▶ **Collected data**:
[Start of Attachment]

lemma comm_group_dual_group: "comm_group (dual_group G)"
proof (rule group.group_comm_groupI)
  show "group (dual_group G)"
  proof (rule groupI)
    fix x y assume "x \<in> carrier (dual_group G)" "y \<in> carrier (dual_group G)"
    then show "x \<otimes>\<^bsub>dual_group G\<^esub> y \<in> carrier (dual_group G)"
      by (auto simp: characters_def mult_dual_group char_mult_def norm_mult)
  next
    fix x assume "x \<in> carrier (dual_group G)"
    then show "\<one>\<^bsub>dual_group G\<^esub> \<otimes>\<^bsub>dual_group G\<^esub> x = x"
      by (intro characters_eqI) (auto simp: characters_def char_mult_def dual_group_def)
  next
    fix x assume "x \<in> carrier (dual_group G)"
    then show "\<exists>y\<in>carrier (dual_group G). y \<otimes>\<^bsub>dual_group G\<^esub> x = \<one>\<^bsub>dual_group G\<^esub>"
      using char_inv_in_characters char_inv_l_inv by auto
  qed (auto simp: mult_dual_group char_mult_def one_dual_group_in_characters)
qed (auto simp: mult_dual_group char_mult_def)

lemma inv_dual_group: "\<chi> \<in> characters G \<Longrightarrow> inv\<^bsub>dual_group G\<^esub> \<chi> = char_inv G \<chi>"
  using group.inv_equality[OF comm_group.axioms(2)[OF comm_group_dual_group]]
    char_inv_in_characters char_inv_l_inv by simp

lemma cocycle_identity_expanded:
  assumes "jacobi_function G J" "a \<in> carrier G" "b \<in> carrier G" "c \<in> carrier G"
  shows "J a b * J (a \<otimes> b) c - J a b * delta G (a \<otimes> b) + delta G a * delta G b
       = J a (b \<otimes> c) * J b c - J b c * delta G (b \<otimes> c) + delta G b * delta G c"
proof -
  have "Jstar G J a b * Jstar G J (a \<otimes> b) c = Jstar G J a (b \<otimes> c) * Jstar G J b c"
    using assms unfolding jacobi_function_def by blast
  then show ?thesis
    using assms(2-4)
    by (cases "a = \<one>"; cases "b = \<one>"; cases "c = \<one>") (simp_all add: Jstar_def delta_def algebra_simps)
qed

lemma jacobi_function_constant:
  assumes "jacobi_function G J" "\<And>a b. a \<in> carrier G \<Longrightarrow> b \<in> carrier G \<Longrightarrow> J a b = k"
    and "c \<in> carrier G" "c \<noteq> \<one>"
  shows "k = 1"
proof -
  have "Jstar G J \<one> \<one> * Jstar G J (\<one> \<otimes> \<one>) c = Jstar G J \<one> (\<one> \<otimes> c) * Jstar G J \<one> c"
    using assms(1,3) unfolding jacobi_function_def by blast
  then have "(k - 2) * (k - 1) = (k - 1) * (k - 1)"
    using assms(2-4) by (simp add: Jstar_def delta_def algebra_simps)
  then show ?thesis
    by (simp add: algebra_simps)
qed

end

definition fourier_coeff ::
    "('a, 'b) monoid_scheme \<Rightarrow> ('a \<Rightarrow> 'a \<Rightarrow> complex) \<Rightarrow> ('a \<Rightarrow> complex) \<Rightarrow> ('a \<Rightarrow> complex) \<Rightarrow> complex"
  where "fourier_coeff M f \<beta> \<gamma> = (\<Sum>b\<in>carrier M. \<Sum>c\<in>carrier M. inverse (\<beta> b) * inverse (\<gamma> c) * f b c)"

lemma fourier_coeff_add:
  "fourier_coeff M (\<lambda>b c. f b c + g b c) \<beta> \<gamma> = fourier_coeff M f \<beta> \<gamma> + fourier_coeff M g \<beta> \<gamma>"
  by (simp add: fourier_coeff_def distrib_left sum.distrib)

lemma fourier_coeff_diff:
  "fourier_coeff M (\<lambda>b c. f b c - g b c) \<beta> \<gamma> = fourier_coeff M f \<beta> \<gamma> - fourier_coeff M g \<beta> \<gamma>"
  by (simp add: fourier_coeff_def right_diff_distrib sum_subtractf)

lemma fourier_coeff_cmult: "fourier_coeff M (\<lambda>b c. k * f b c) \<beta> \<gamma> = k * fourier_coeff M f \<beta> \<gamma>"
  by (simp add: fourier_coeff_def sum_distrib_left mult_ac)
lemma trajectory_eq_orbit: "permutation f \<Longrightarrow> trajectory f x = orbit f x"
  by (simp add: trajectory_def orbit_altdef_permutation)

lemma trajectory_eq:
  assumes "permutation f" and "y \<in> trajectory f x"
  shows "trajectory f y = trajectory f x"
  using assms unfolding trajectory_eq_orbit[OF assms(1)]
  by (meson orbit_swap orbit_trans permutation_self_in_orbit subsetI subset_antisym)

lemma trajectory_sym: "permutation f \<Longrightarrow> y \<in> trajectory f x \<Longrightarrow> x \<in> trajectory f y"
  using trajectory_eq by (metis self_in_trajectory)

lemma trajectory_bounded:
  "(f ^^ n) x = x \<Longrightarrow> 0 < n \<Longrightarrow> trajectory f x = {(f ^^ m) x | m. m < n}"
  unfolding trajectory_def by (auto simp: funpow_mod_eq intro: exI[where x="m mod n" for m])

lemma funpow_cong_on:
  assumes "\<And>x. x \<in> V \<Longrightarrow> f x = g x" and "f ` V \<subseteq> V" and "x \<in> V"
  shows "(f ^^ m) x = (g ^^ m) x \<and> (f ^^ m) x \<in> V"
  by (induction m) (use assms in auto)

lemma trajectory_cong:
  assumes "\<And>x. x \<in> V \<Longrightarrow> f x = g x" and "f ` V \<subseteq> V" and "x \<in> V"
  shows "trajectory f x = trajectory g x"
  unfolding trajectory_def using funpow_cong_on[OF assms] by simp

lemma num_cycles_cong:
  assumes "\<And>x. x \<in> V \<Longrightarrow> f x = g x" and "f ` V \<subseteq> V"
  shows "num_cycles f V = num_cycles g V"
proof -
  have "trajectory f ` V = trajectory g ` V"
    using trajectory_cong[OF assms] by (intro image_cong) auto
  then show ?thesis by (simp add: num_cycles_eq_card_trajectories)
qed

lemma num_cycles_Un:
  assumes "V1 \<inter> V2 = {}" "f ` V1 \<subseteq> V1" "f ` V2 \<subseteq> V2" "finite V1" "finite V2"
  shows "num_cycles f (V1 \<union> V2) = num_cycles f V1 + num_cycles f V2"
proof -
  have "trajectory f ` V1 \<inter> trajectory f ` V2 = {}"
  proof (rule ccontr)
    assume "trajectory f ` V1 \<inter> trajectory f ` V2 \<noteq> {}"
    then obtain x y where xy: "x \<in> V1" "y \<in> V2" "trajectory f x = trajectory f y" by auto
    then have "y \<in> V1" using trajectory_subset[OF assms(2) xy(1)] self_in_trajectory[of y f] by auto
    then show False using xy assms(1) by auto
  qed
  then show ?thesis unfolding num_cycles_eq_card_trajectories image_Un
    by (rule card_Un_disjoint[rotated 2]) (use assms in auto)
qed
(* Let $\mathcal{P}$ be a locally geometric poset and $\mathcal{Q}$ a TM-ideal of $\mathcal{P}$ with $\operatorname{rk}(\mathcal{Q})=\operatorname{rk}(\mathcal{P})-1$. Then for every $a\in A(\mathcal{P})\setminus A(\mathcal{Q})$ there is a poset isomorphism $\mathcal{Q}\cong\mathcal{P}_{\ge a}$.
   Context: All posets are finite, have a unique minimal element $\hat0$ and are ranked; $\operatorname{rk}$ of a poset is the maximum rank of its elements. $A(\cdot)$ denotes the set of atoms (rank-1 elements). $\bigvee T$ is the set of minimal upper bounds of $T$, $x\vee y=\bigvee\{x,y\}$, $x\wedge y$ the meet. A lattice is geometric if $y$ covers $x$ iff there is an atom $a\not\le x$ with $y=x\vee a$; $\mathcal{P}$ is locally geometric if each $\mathcal{P}_{\le x}$ is a geometric lattice. An element $x$ of a geometric lattice $L$ is modular if $x\wedge(y\vee z)=(x\wedge y)\vee z$ for all $z\le x$, $y\in L$. An order ideal $\mathcal{Q}$ is pure if all its maximal elements have the same rank and join-closed if $T\subseteq\mathcal{Q}$ implies $\bigvee T\subseteq\mathcal{Q}$. A TM-ideal of $\mathcal{P}$ is a pure, join-closed order ideal $\mathcal{Q}$ such that (1* ) $|a\vee y|=1$ for all $y\in\mathcal{Q}$ and $a\in A(\mathcal{P})\setminus A(\mathcal{Q})$, and (2) for every maximal $x\in\mathcal{P}$ there is a maximal $y\in\mathcal{Q}$ that is modular in $\mathcal{P}_{\le x}$. $\mathcal{P}_{\ge a}=\{y\in\mathcal{P}:y\ge a\}$ with the induced order. *)

theory Defs
  imports Main
begin

text \<open>A poset is given by a carrier set P and an order relation le (only its
restriction to P matters). All notions below are relative to a carrier.\<close>

definition partial_order_on' :: "'a set \<Rightarrow> ('a \<Rightarrow> 'a \<Rightarrow> bool) \<Rightarrow> bool" where
  "partial_order_on' P le \<longleftrightarrow>
     (\<forall>x\<in>P. le x x) \<and>
     (\<forall>x\<in>P. \<forall>y\<in>P. le x y \<and> le y x \<longrightarrow> x = y) \<and>
     (\<forall>x\<in>P. \<forall>y\<in>P. \<forall>z\<in>P. le x y \<and> le y z \<longrightarrow> le x z)"
(* For all integers $i,N,n$ with $0\le i\le N\le n$, $$\sum_{i_1,i_2}\binom{N}{i_1}\binom{N}{i_2}\binom{i_1}{i}\binom{i_2}{i}(-1)^{i_1+i_2}\,(n-i_1)_{N-i_1}\,(n-i_2)_{N-i_2}\,(n)_{i_1+i_2-i}\;i!=N!\,(n)_N\binom{N}{i}(-1)^{N-i},$$ where the sum is over all integers $i_1,i_2$.
   Context: Convention: the binomial coefficient $\binom{k}{l}$ is defined as the usual binomial coefficient when $k\ge0$, $l\ge0$ and $k\ge l$, and is $0$ otherwise; only terms with $i\le i_1,i_2\le N$ contribute. $(m)_j=m(m-1)\cdots(m-j+1)$ denotes the falling factorial, with $(m)_0=1$. In particular, $(m)_j=0$ when $m$ is a nonnegative integer and $j>m$. *)

theory Defs
  imports Main
begin

definition ffact :: "int \<Rightarrow> nat \<Rightarrow> int" where
  "ffact m j = (\<Prod>k<j. m - int k)"

end

theory Submission
  imports Defs
begin

text \<open>Splitting \<open>(n)\<^bsub>i1+i2-i\<^esub> = (n)\<^bsub>i1\<^esub> (n-i1)\<^bsub>i2-i\<^esub>\<close> and
  \<open>(n)\<^bsub>i1\<^esub> (n-i1)\<^bsub>N-i1\<^esub> = (n)\<^bsub>N\<^esub>\<close> factors \<open>(n)\<^bsub>N\<^esub>\<close> out of every
  summand. With \<open>i2 = i + j\<close> and \<open>C(N,i2) C(i2,i) = C(N,i) C(N-i,j)\<close>, the sum over \<open>i2\<close>
  becomes an alternating Vandermonde convolution and equals \<open>C(N,i) (-1)\<^sup>i (i1-i)\<^bsub>N-i\<^esub>\<close>.
  This falling factorial vanishes for \<open>i \<le> i1 < N\<close>, so only \<open>i1 = N\<close> survives in
  the outer sum, and \<open>i! (N-i)! C(N,i) = N!\<close>.\<close>

lemma ffact_0 [simp]: "ffact m 0 = 1"
  by (simp add: ffact_def)

lemma ffact_Suc: "ffact m (Suc k) = ffact m k * (m - int k)"
  by (simp add: ffact_def)

lemma ffact_eq_pochhammer_neg: "ffact m k = (-1) ^ k * pochhammer (- m) k"
  by (induction k) (simp_all add: ffact_Suc pochhammer_Suc algebra_simps)

lemma ffact_eq_pochhammer: "ffact m k = pochhammer (m - int k + 1) k"
  by (simp add: ffact_eq_pochhammer_neg pochhammer_minus)

lemma ffact_add: "ffact m (a + b) = ffact m a * ffact (m - int a) b"
  by (simp add: ffact_eq_pochhammer_neg pochhammer_product' power_add)

lemma ffact_of_nat_eq_0: "x < k \<Longrightarrow> ffact (int x) k = 0"
  unfolding ffact_def by (rule prod_zero) auto

lemma ffact_of_nat_self: "ffact (int x) x = int (fact x)"
  by (simp add: ffact_eq_pochhammer flip: pochhammer_fact)

lemma ffact_vandermonde_alternating:
  "(\<Sum>j\<le>M. int (M choose j) * (-1) ^ j * ffact (a - int j) (M - j) * ffact m j) = ffact (a - m) M"
proof -
  have "ffact (a - m) M = pochhammer (- m + (a - int M + 1)) M"
    by (simp add: ffact_eq_pochhammer algebra_simps)
  also have "\<dots> = (\<Sum>j\<le>M. int (M choose j) * pochhammer (- m) j * pochhammer (a - int M + 1) (M - j))"
    by (rule pochhammer_binomial_sum)
  also have "\<dots> = (\<Sum>j\<le>M. int (M choose j) * (-1) ^ j * ffact (a - int j) (M - j) * ffact m j)"
  proof (intro sum.cong refl)
    fix j assume "j \<in> {..M}"
    then have "pochhammer (a - int M + 1) (M - j) = ffact (a - int j) (M - j)"
      by (simp add: ffact_eq_pochhammer of_nat_diff)
    moreover have "pochhammer (- m) j = (-1) ^ j * ffact m j"
      by (simp add: ffact_eq_pochhammer_neg)
    ultimately show "int (M choose j) * pochhammer (- m) j * pochhammer (a - int M + 1) (M - j)
        = int (M choose j) * (-1) ^ j * ffact (a - int j) (M - j) * ffact m j"
      by simp
  qed
  finally show ?thesis ..
qed

lemma binomial_binomial_ffact_sum:
  assumes "i \<le> N"
  shows "(\<Sum>k\<in>{0..N}. int (N choose k) * int (k choose i) * (-1) ^ k
            * ffact (a - int k) (N - k) * ffact m (k - i))
         = int (N choose i) * (-1) ^ i * ffact (a - int i - m) (N - i)"
proof -
  let ?f = "\<lambda>k. int (N choose k) * int (k choose i) * (-1) ^ k
              * ffact (a - int k) (N - k) * ffact m (k - i)"
  have "(\<Sum>k\<in>{0..N}. ?f k) = (\<Sum>k\<in>{i..N}. ?f k)"
    by (rule sum.mono_neutral_right) auto
  also have "\<dots> = (\<Sum>j\<le>N - i. ?f (i + j))"
    using sum.shift_bounds_cl_nat_ivl[of ?f 0 i "N - i"] assms
    by (simp add: atLeast0AtMost add.commute)
  also have "\<dots> = (\<Sum>j\<le>N - i. int (N choose i) * (-1) ^ i
      * (int (N - i choose j) * (-1) ^ j * ffact (a - int i - int j) (N - i - j) * ffact m j))"
  proof (intro sum.cong refl)
    fix j assume "j \<in> {..N - i}"
    then have "int (N choose (i + j)) * int (i + j choose i) = int (N choose i) * int (N - i choose j)"
      using choose_mult[of i "i + j" N] assms by (simp flip: of_nat_mult)
    then show "?f (i + j) = int (N choose i) * (-1) ^ i
      * (int (N - i choose j) * (-1) ^ j * ffact (a - int i - int j) (N - i - j) * ffact m j)"
      by (simp add: power_add algebra_simps)
  qed
  also have "\<dots> = int (N choose i) * (-1) ^ i * ffact (a - int i - m) (N - i)"
    using ffact_vandermonde_alternating[of "N - i" "a - int i" m] by (simp flip: sum_distrib_left)
  finally show ?thesis .
qed

lemma binomial_binomial_ffact_alternating_sum:
  "(\<Sum>k\<in>{0..N}. int (N choose k) * int (k choose i) * (-1) ^ k * ffact (int k - int i) (N - i))
   = (-1) ^ N * int (N choose i) * int (fact (N - i))"
proof -
  let ?f = "\<lambda>k. int (N choose k) * int (k choose i) * (-1) ^ k * ffact (int k - int i) (N - i)"
  have "?f k = 0" if "k < N" for k
  proof (cases "k < i")
    case False
    with that have "ffact (int (k - i)) (N - i) = 0"
      by (intro ffact_of_nat_eq_0) simp
    with False show ?thesis by (simp add: of_nat_diff)
  qed simp
  then have "(\<Sum>k\<in>{0..N}. ?f k) = ?f N"
    by (subst sum.mono_neutral_right[of "{0..N}" "{N}"]) auto
  also have "\<dots> = (-1) ^ N * int (N choose i) * int (fact (N - i))"
    by (cases "i \<le> N") (simp_all add: ffact_of_nat_self of_nat_diff binomial_eq_0 flip: of_nat_diff)
  finally show ?thesis .
qed

lemma ffact_diff_mult_ffact_add:
  assumes "i1 \<le> N" and "i \<le> i2"
  shows "ffact (a - int i1) (N - i1) * ffact a (i1 + i2 - i) = ffact a N * ffact (a - int i1) (i2 - i)"
proof -
  have "ffact a (i1 + i2 - i) = ffact a i1 * ffact (a - int i1) (i2 - i)"
    using ffact_add[of a i1 "i2 - i"] assms by simp
  moreover have "ffact a N = ffact a i1 * ffact (a - int i1) (N - i1)"
    using ffact_add[of a i1 "N - i1"] assms by simp
  ultimately show ?thesis by simp
qed

theorem mainTheorem3:
  fixes i N n :: nat
  assumes "i \<le> N" and "N \<le> n"
  shows "(\<Sum>i1\<in>{0..N}. \<Sum>i2\<in>{0..N}.
            int (N choose i1) * int (N choose i2) * int (i1 choose i) * int (i2 choose i)
            * (-1) ^ (i1 + i2)
            * ffact (int n - int i1) (N - i1) * ffact (int n - int i2) (N - i2)
            * ffact (int n) (i1 + i2 - i) * int (fact i))
         = int (fact N) * ffact (int n) N * int (N choose i) * (-1) ^ (N - i)"
  (is "?L = _")
proof -
  let ?c = "int (fact i) * ffact (int n) N"
  have summand_split: "int (N choose i1) * int (N choose i2) * int (i1 choose i) * int (i2 choose i)
      * (-1) ^ (i1 + i2) * ffact (int n - int i1) (N - i1) * ffact (int n - int i2) (N - i2)
      * ffact (int n) (i1 + i2 - i) * int (fact i)
    = ?c * int (N choose i1) * int (i1 choose i) * (-1) ^ i1
      * (int (N choose i2) * int (i2 choose i) * (-1) ^ i2
         * ffact (int n - int i2) (N - i2) * ffact (int n - int i1) (i2 - i))"
    if "i1 \<le> N" for i1 i2
  proof (cases "i \<le> i2")
    case True
    with that show ?thesis
      using ffact_diff_mult_ffact_add[of i1 N i i2 "int n"] by (simp add: power_add algebra_simps)
  qed (simp add: binomial_eq_0)
  have "?L = (\<Sum>i1\<in>{0..N}. ?c * int (N choose i1) * int (i1 choose i) * (-1) ^ i1
      * (\<Sum>i2\<in>{0..N}. int (N choose i2) * int (i2 choose i) * (-1) ^ i2
           * ffact (int n - int i2) (N - i2) * ffact (int n - int i1) (i2 - i)))"
    unfolding sum_distrib_left by (intro sum.cong refl summand_split) simp
  also have "\<dots> = (\<Sum>i1\<in>{0..N}. ?c * int (N choose i1) * int (i1 choose i) * (-1) ^ i1
      * (int (N choose i) * (-1) ^ i * ffact (int i1 - int i) (N - i)))"
    by (simp add: binomial_binomial_ffact_sum[OF assms(1)])
  also have "\<dots> = ?c * int (N choose i) * (-1) ^ i * (\<Sum>i1\<in>{0..N}.
      int (N choose i1) * int (i1 choose i) * (-1) ^ i1 * ffact (int i1 - int i) (N - i))"
    by (simp add: sum_distrib_left algebra_simps)
  also have "\<dots> = int (fact i * fact (N - i) * (N choose i)) * ffact (int n) N * int (N choose i)
      * ((-1) ^ i * (-1) ^ N)"
    by (simp only: binomial_binomial_ffact_alternating_sum) (simp add: algebra_simps)
  also have "\<dots> = int (fact N) * ffact (int n) N * int (N choose i) * (-1) ^ (N - i)"
  proof -
    obtain d where "N = i + d"
      using assms(1) le_Suc_ex by blast
    then show ?thesis
      using binomial_fact_lemma[OF assms(1)] by (simp add: power_add)
  qed
  finally show ?thesis .
qed

end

[End of Attachment]

▶ **PROBLEM DETAILS**:
All lines above from the one containing "k * pochhammer" to the one containing "by (simp add: ffact_eq_pochhammer_neg pochhammer_minus)" must be repeated exactly, both lines included, and no others.

▶ **WRITTEN RESPONSE**:
lemma ffact_eq_pochhammer_neg: "ffact m k = (-1) ^ k * pochhammer (- m) k"
  by (induction k) (simp_all add: ffact_Suc pochhammer_Suc algebra_simps)

lemma ffact_eq_pochhammer: "ffact m k = pochhammer (m - int k + 1) k"
  by (simp add: ffact_eq_pochhammer_neg pochhammer_minus)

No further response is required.